▸ About this exercise
Only the lines from the start of the entries through the line with "using openin_subset openin_colimit_topology" are wanted; please output them exactly.

▸ Task material
lemma openin_colimit_topology:
  "openin (colimit_topology I X) U \<longleftrightarrow>
    U \<subseteq> union_space I X \<and> (\<forall>a\<in>I. openin (X a) (U \<inter> topspace (X a)))"
  unfolding colimit_topology_def topology_inverse'[OF istopology_colimit] ..

lemma topspace_colimit_topology: "topspace (colimit_topology I X) = union_space I X"
proof -
  have "\<forall>a\<in>I. union_space I X \<inter> topspace (X a) = topspace (X a)"
    unfolding union_space_def by blast
  then have "openin (colimit_topology I X) (union_space I X)"
    by (simp add: openin_colimit_topology)
  then show ?thesis
    using openin_subset openin_colimit_topology
    by (metis openin_topspace subset_antisym)
qed

lemma closedin_colimit_topology:
  "closedin (colimit_topology I X) F \<longleftrightarrow>
    F \<subseteq> union_space I X \<and> (\<forall>a\<in>I. closedin (X a) (F \<inter> topspace (X a)))"
proof -
  have "(union_space I X - F) \<inter> topspace (X a) = topspace (X a) - F \<inter> topspace (X a)"
    if "a \<in> I" for a
    using that unfolding union_space_def by blast
  then show ?thesis
    by (auto simp: closedin_def openin_colimit_topology topspace_colimit_topology)
qed

lemma continuous_map_id_colimit_topology:
  assumes "a \<in> I"
  shows "continuous_map (X a) (colimit_topology I X) id"
proof -
  have "topspace (X a) \<subseteq> union_space I X"
    using assms unfolding union_space_def by blast
  moreover have "{x \<in> topspace (X a). x \<in> U} = U \<inter> topspace (X a)" for U
    by blast
  ultimately show ?thesis
    using assms by (auto simp: continuous_map_def openin_colimit_topology topspace_colimit_topology)
qed

lemma tightness_le_colimit_topology:
  assumes "\<forall>a\<in>I. tightness_le (X a) K"
  shows "tightness_le (colimit_topology I X) K"
  unfolding tightness_le_iff_closure_of_subset_kappa_closure
proof (intro allI impI)
  let ?T = "colimit_topology I X"
  fix A assume A: "A \<subseteq> topspace ?T"
  define B where "B = kappa_closure ?T K A"
  have trace_closed: "closedin (X a) (B \<inter> topspace (X a))" if a: "a \<in> I" for a
  proof -
    have "X a closure_of (B \<inter> topspace (X a)) \<subseteq> kappa_closure (X a) K (B \<inter> topspace (X a))"
      using assms a by (simp add: tightness_le_iff_closure_of_subset_kappa_closure)
    also have "\<dots> \<subseteq> kappa_closure ?T K (B \<inter> topspace (X a))"
      by (rule kappa_closure_continuous_id_subset[OF continuous_map_id_colimit_topology[OF a]])
    also have "\<dots> \<subseteq> B"
      unfolding B_def by (meson Int_lower1 kappa_closure_kappa_closure_subset kappa_closure_mono order_trans)
    finally show ?thesis
      using closure_of_subset_eq closure_of_subset_topspace by fastforce
  qed
  have "A \<subseteq> B"
  proof
    fix x assume "x \<in> A"
    then obtain a where a: "a \<in> I" "x \<in> topspace (X a)"
      using A unfolding topspace_colimit_topology union_space_def by blast
    have "A \<inter> topspace (X a) \<subseteq> kappa_closure (X a) K (A \<inter> topspace (X a))"
      using assms a by (intro subset_kappa_closure) auto
    also have "\<dots> \<subseteq> kappa_closure ?T K (A \<inter> topspace (X a))"
      by (rule kappa_closure_continuous_id_subset[OF continuous_map_id_colimit_topology[OF a(1)]])
    also have "\<dots> \<subseteq> B"
      unfolding B_def by (rule kappa_closure_mono) blast
    finally show "x \<in> B"
      using \<open>x \<in> A\<close> a by blast
  qed
  moreover have "closedin ?T B"
    using trace_closed kappa_closure_subset_topspace[of ?T K A]
    unfolding B_def closedin_colimit_topology topspace_colimit_topology by blast
  ultimately show "?T closure_of A \<subseteq> kappa_closure ?T K A"
    unfolding B_def by (rule closure_of_minimal)
qed
(* Fix $d \geq 2$. There exists a constant $c = c(d)$ such that for all $n$ large enough, all integers $k \geq n/(3d)$ and all $\theta \geq 1/(2d)$, the number of $(d-1)$-dimensional subcomplexes $X$ of the simplex on $n$ vertices with $|X| = k$ and $\beta(X) \leq (1-\theta)kn$ is at most $$\left(c\, n^{(d-1)\left(1 - \theta\left(1 - \frac{1}{2d^2}\right)\right)}\right)^k.$$
   Context: A $(d-1)$-dimensional subcomplex $X$ of the simplex on $[n]$ is identified with its set of $(d-1)$-faces, and $|X|$ is their number. $\beta(X)$ is the number of $d$-faces of the full simplex on $[n]$ that contain exactly one $(d-1)$-face of $X$. *)

theory Defs
  imports Complex_Main
begin

text \<open>Faces of the full simplex on the vertex set [n] = {0..<n} with exactly j vertices
  (i.e. (j-1)-dimensional faces).\<close>
definition faces :: "nat \<Rightarrow> nat \<Rightarrow> nat set set" where
  "faces n j = {\<sigma>. \<sigma> \<subseteq> {0..<n} \<and> card \<sigma> = j}"

definition beta :: "nat \<Rightarrow> nat \<Rightarrow> nat set set \<Rightarrow> nat" where
  "beta n d X = card {\<sigma> \<in> faces n (d+1). card {\<tau> \<in> X. \<tau> \<subseteq> \<sigma>} = 1}"

end

theory Submission
  imports Defs
begin

text \<open>Call a \<open>(d-2)\<close>-face heavy for \<open>X\<close> if more than \<open>n/q\<close> faces of \<open>X\<close> contain it,
  where \<open>q = 8 d\<^sup>4\<close>; double counting shows there are at most \<open>q d k / n\<close> heavy ridges, and at
  most \<open>q d k\<close> faces of the simplex pass through them. A light face \<open>\<tau>\<close> of \<open>X\<close>, one containing no
  heavy ridge, is the only face of \<open>X\<close> in all but at most \<open>d n / q\<close> of the \<open>n - d\<close> cofaces
  \<open>\<tau> + w\<close>, since another face of \<open>X\<close> in \<open>\<tau> + w\<close> must contain \<open>w\<close> and one of the \<open>d\<close> light
  facets of \<open>\<tau>\<close>. These cofaces are counted by \<open>\<beta>(X)\<close>, so \<open>\<beta>(X) \<le> (1 - \<theta>) k n\<close> leaves at most
  \<open>k (1 - \<theta> (1 - 1/(2 d\<^sup>2)))\<close> light faces. Hence \<open>X\<close> is determined by its heavy ridges
  (\<open>2\<^bsup>O(k)\<^esup>\<close> choices), its faces through them (\<open>2\<^bsup>q d k\<^esup>\<close> choices) and its few light
  faces (at most \<open>n\<^bsup>(d-1) k (1 - \<theta> (1 - 1/(2 d\<^sup>2)))\<^esup> e\<^sup>n\<close> choices), and \<open>e\<^sup>n \<le> e\<^bsup>3 d k\<^esup>\<close>
  because \<open>k \<ge> n / (3 d)\<close>.\<close>

lemma pow_div_fact_le_exp:
  fixes x :: real
  assumes "x \<ge> 0"
  shows "x ^ j / fact j \<le> exp x"
proof -
  obtain t where t: "exp x = (\<Sum>m<Suc j. x ^ m / fact m) + exp t / fact (Suc j) * x ^ Suc j"
    using Maclaurin_exp_le by blast
  have "x ^ j / fact j \<le> (\<Sum>m<Suc j. x ^ m / fact m)"
    using assms by (intro member_le_sum) auto
  moreover have "0 \<le> exp t / fact (Suc j) * x ^ Suc j"
    using assms by simp
  ultimately show ?thesis
    using t by linarith
qed

lemma choose_le_pow: "n choose s \<le> n ^ s"
proof -
  have "(n choose s) * 1 \<le> (n choose s) * fact s"
    by (intro mult_le_mono2) simp
  also have "\<dots> \<le> n ^ s"
    by (rule binomial_fact_pow)
  finally show ?thesis by simp
qed

lemma card_subsets_card_le:
  assumes "finite S"
  shows "card {B. B \<subseteq> S \<and> card B \<le> m} \<le> (card S + 1) ^ m"
proof (induction m)
  case 0
  have "{B. B \<subseteq> S \<and> card B \<le> 0} \<subseteq> {{}}"
    using assms by (auto dest: finite_subset)
  then have "card {B. B \<subseteq> S \<and> card B \<le> 0} \<le> card {{}::'a set}"
    by (intro card_mono) auto
  then show ?case by simp
next
  case (Suc m)
  let ?P = "{B. B \<subseteq> S \<and> card B \<le> m}"
  let ?ins = "\<lambda>(x, B). insert x B"
  have "finite ?P"
    by (rule finite_subset[of _ "Pow S"]) (use assms in auto)
  have "{B. B \<subseteq> S \<and> card B \<le> Suc m} \<subseteq> ?P \<union> ?ins ` (S \<times> ?P)"
  proof
    fix B assume B: "B \<in> {B. B \<subseteq> S \<and> card B \<le> Suc m}"
    show "B \<in> ?P \<union> ?ins ` (S \<times> ?P)"
    proof (cases "card B \<le> m")
      case True
      then show ?thesis
        using B by auto
    next
      case False
      then have "B \<noteq> {}" by auto
      then obtain x where x: "x \<in> B" by auto
      have "finite B"
        using B assms finite_subset by auto
      then have "(x, B - {x}) \<in> S \<times> ?P"
        using B x by auto
      moreover have "B = ?ins (x, B - {x})"
        using x by auto
      ultimately show ?thesis
        by blast
    qed
  qed
  then have "card {B. B \<subseteq> S \<and> card B \<le> Suc m} \<le> card (?P \<union> ?ins ` (S \<times> ?P))"
    using \<open>finite ?P\<close> assms by (intro card_mono) auto
  also have "\<dots> \<le> card ?P + card (?ins ` (S \<times> ?P))"
    by (rule card_Un_le)
  also have "\<dots> \<le> card ?P + card (S \<times> ?P)"
    using card_image_le[of "S \<times> ?P" ?ins] assms \<open>finite ?P\<close> by simp
  also have "\<dots> = (card S + 1) * card ?P"
    by (simp add: card_cartesian_product)
  also have "\<dots> \<le> (card S + 1) * (card S + 1) ^ m"
    using Suc by (intro mult_le_mono2)
  finally show ?case
    by simp
qed

lemma finite_faces: "finite (faces n j)"
  unfolding faces_def by (rule finite_subset[of _ "Pow {0..<n}"]) auto

lemma card_faces: "card (faces n j) = n choose j"
  unfolding faces_def using n_subsets[of "{0..<n}" j] by simp

lemma finite_face: "\<sigma> \<in> faces n j \<Longrightarrow> finite \<sigma>"
  unfolding faces_def using finite_subset by auto

lemma card_facets:
  assumes "finite \<tau>" "card \<tau> = d" "d \<ge> 1"
  shows "card {\<rho>. \<rho> \<subseteq> \<tau> \<and> card \<rho> = d - 1} = d"
proof -
  have "card {\<rho>. \<rho> \<subseteq> \<tau> \<and> card \<rho> = d - 1} = d choose (d - 1)"
    using n_subsets[OF assms(1), of "d - 1"] assms by simp
  also have "\<dots> = d"
    using assms(3) by (cases d) (auto simp: binomial_symmetric[of "d - 1" d])
  finally show ?thesis .
qed

definition face_degree :: "nat set set \<Rightarrow> nat set \<Rightarrow> nat" where
  "face_degree X \<rho> = card {\<tau> \<in> X. \<rho> \<subseteq> \<tau>}"
(* Let $a\in\mathbb{R}$, $b\in(a,\infty)$, $h\in\mathbb{N}$, $v_1,\dots,v_h,w_1,\dots,w_h\in(0,\infty)$, let $f,p\in C(\mathbb{R},\mathbb{R})$ satisfy for all $x\in\mathbb{R}$ that $p(x)\ge0$ and $p^{-1}((0,\infty))=(a,b)$, with $\mathcal{N}^\theta$, $\mathcal{L}$, $I_i^\theta$, $\operatorname{Lip}$ as in the context. Assume that $f$ is non-decreasing and satisfies $\operatorname{Lip}(f)<\min_{i\in\{1,\dots,h\}}v_iw_i$, let $\vartheta\in\mathbb{R}^{h+1}$ satisfy $(\nabla\mathcal{L})(\vartheta)=0$, and let $V=\sup_{x\in(a,b)}\sum_{j\in\{1,\dots,h\},\,x\in I_j^\vartheta}v_j$. Then (i) for all $j\in\{1,\dots,h\}$, $x\in I_j^\vartheta$ it holds that $|\mathcal{N}^\vartheta(x)-f(x)|\le V$; (ii) for all $j,k\in\{1,\dots,h\}$ with $I_j^\vartheta\neq\emptyset\neq I_k^\vartheta$ and all $x\in[\sup I_j^\vartheta,\inf I_k^\vartheta]$ it holds that $|\mathcal{N}^\vartheta(x)-f(x)|\le V$; (iii) for all $j\in\{1,\dots,h\}$ with $I_j^\vartheta\neq\emptyset$ and all $x\in[\sup I_j^\vartheta,b]$ it holds that $|\mathcal{N}^\vartheta(x)-f(x)|\le\max\{V,|f(b)-\mathcal{N}^\vartheta(b)|\}$; and (iv) for all $j\in\{1,\dots,h\}$ with $I_j^\vartheta\neq\emptyset$ and all $x\in[a,\inf I_j^\vartheta]$ it holds that $|\mathcal{N}^\vartheta(x)-f(x)|\le\max\{V,|f(a)-\mathcal{N}^\vartheta(a)|\}$.
   Context: Let $\mathfrak{c}(x)=\min\{\max\{x,0\},1\}$. For $F\in C(\mathbb{R},\mathbb{R})$ let $\operatorname{Lip}(F)=\sup_{x,y\in[a,b],x\ne y}\frac{|F(x)-F(y)|}{|x-y|}$. For $\theta=(\theta_1,\dots,\theta_{h+1})\in\mathbb{R}^{h+1}$ and $i\in\{1,\dots,h\}$ let $\psi_i(\theta)=-[w_i]^{-1}\theta_i$, $I_i^\theta=(\psi_i(\theta),\psi_i(\theta)+[w_i]^{-1})\cap(a,b)$, $\mathcal{N}^\theta(x)=\theta_{h+1}+\sum_{i=1}^hv_i\mathfrak{c}(w_ix+\theta_i)$, and $\mathcal{L}(\theta)=\int_a^b(\mathcal{N}^\theta(x)-f(x))^2p(x)\,\mathrm{d}x$ ($\mathcal{L}$ is continuously differentiable). *)

theory Defs
  imports "HOL-Analysis.Analysis"
begin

▸ Expected answer
lemma openin_colimit_topology:
  "openin (colimit_topology I X) U \<longleftrightarrow>
    U \<subseteq> union_space I X \<and> (\<forall>a\<in>I. openin (X a) (U \<inter> topspace (X a)))"
  unfolding colimit_topology_def topology_inverse'[OF istopology_colimit] ..

lemma topspace_colimit_topology: "topspace (colimit_topology I X) = union_space I X"
proof -
  have "\<forall>a\<in>I. union_space I X \<inter> topspace (X a) = topspace (X a)"
    unfolding union_space_def by blast
  then have "openin (colimit_topology I X) (union_space I X)"
    by (simp add: openin_colimit_topology)
  then show ?thesis
    using openin_subset openin_colimit_topology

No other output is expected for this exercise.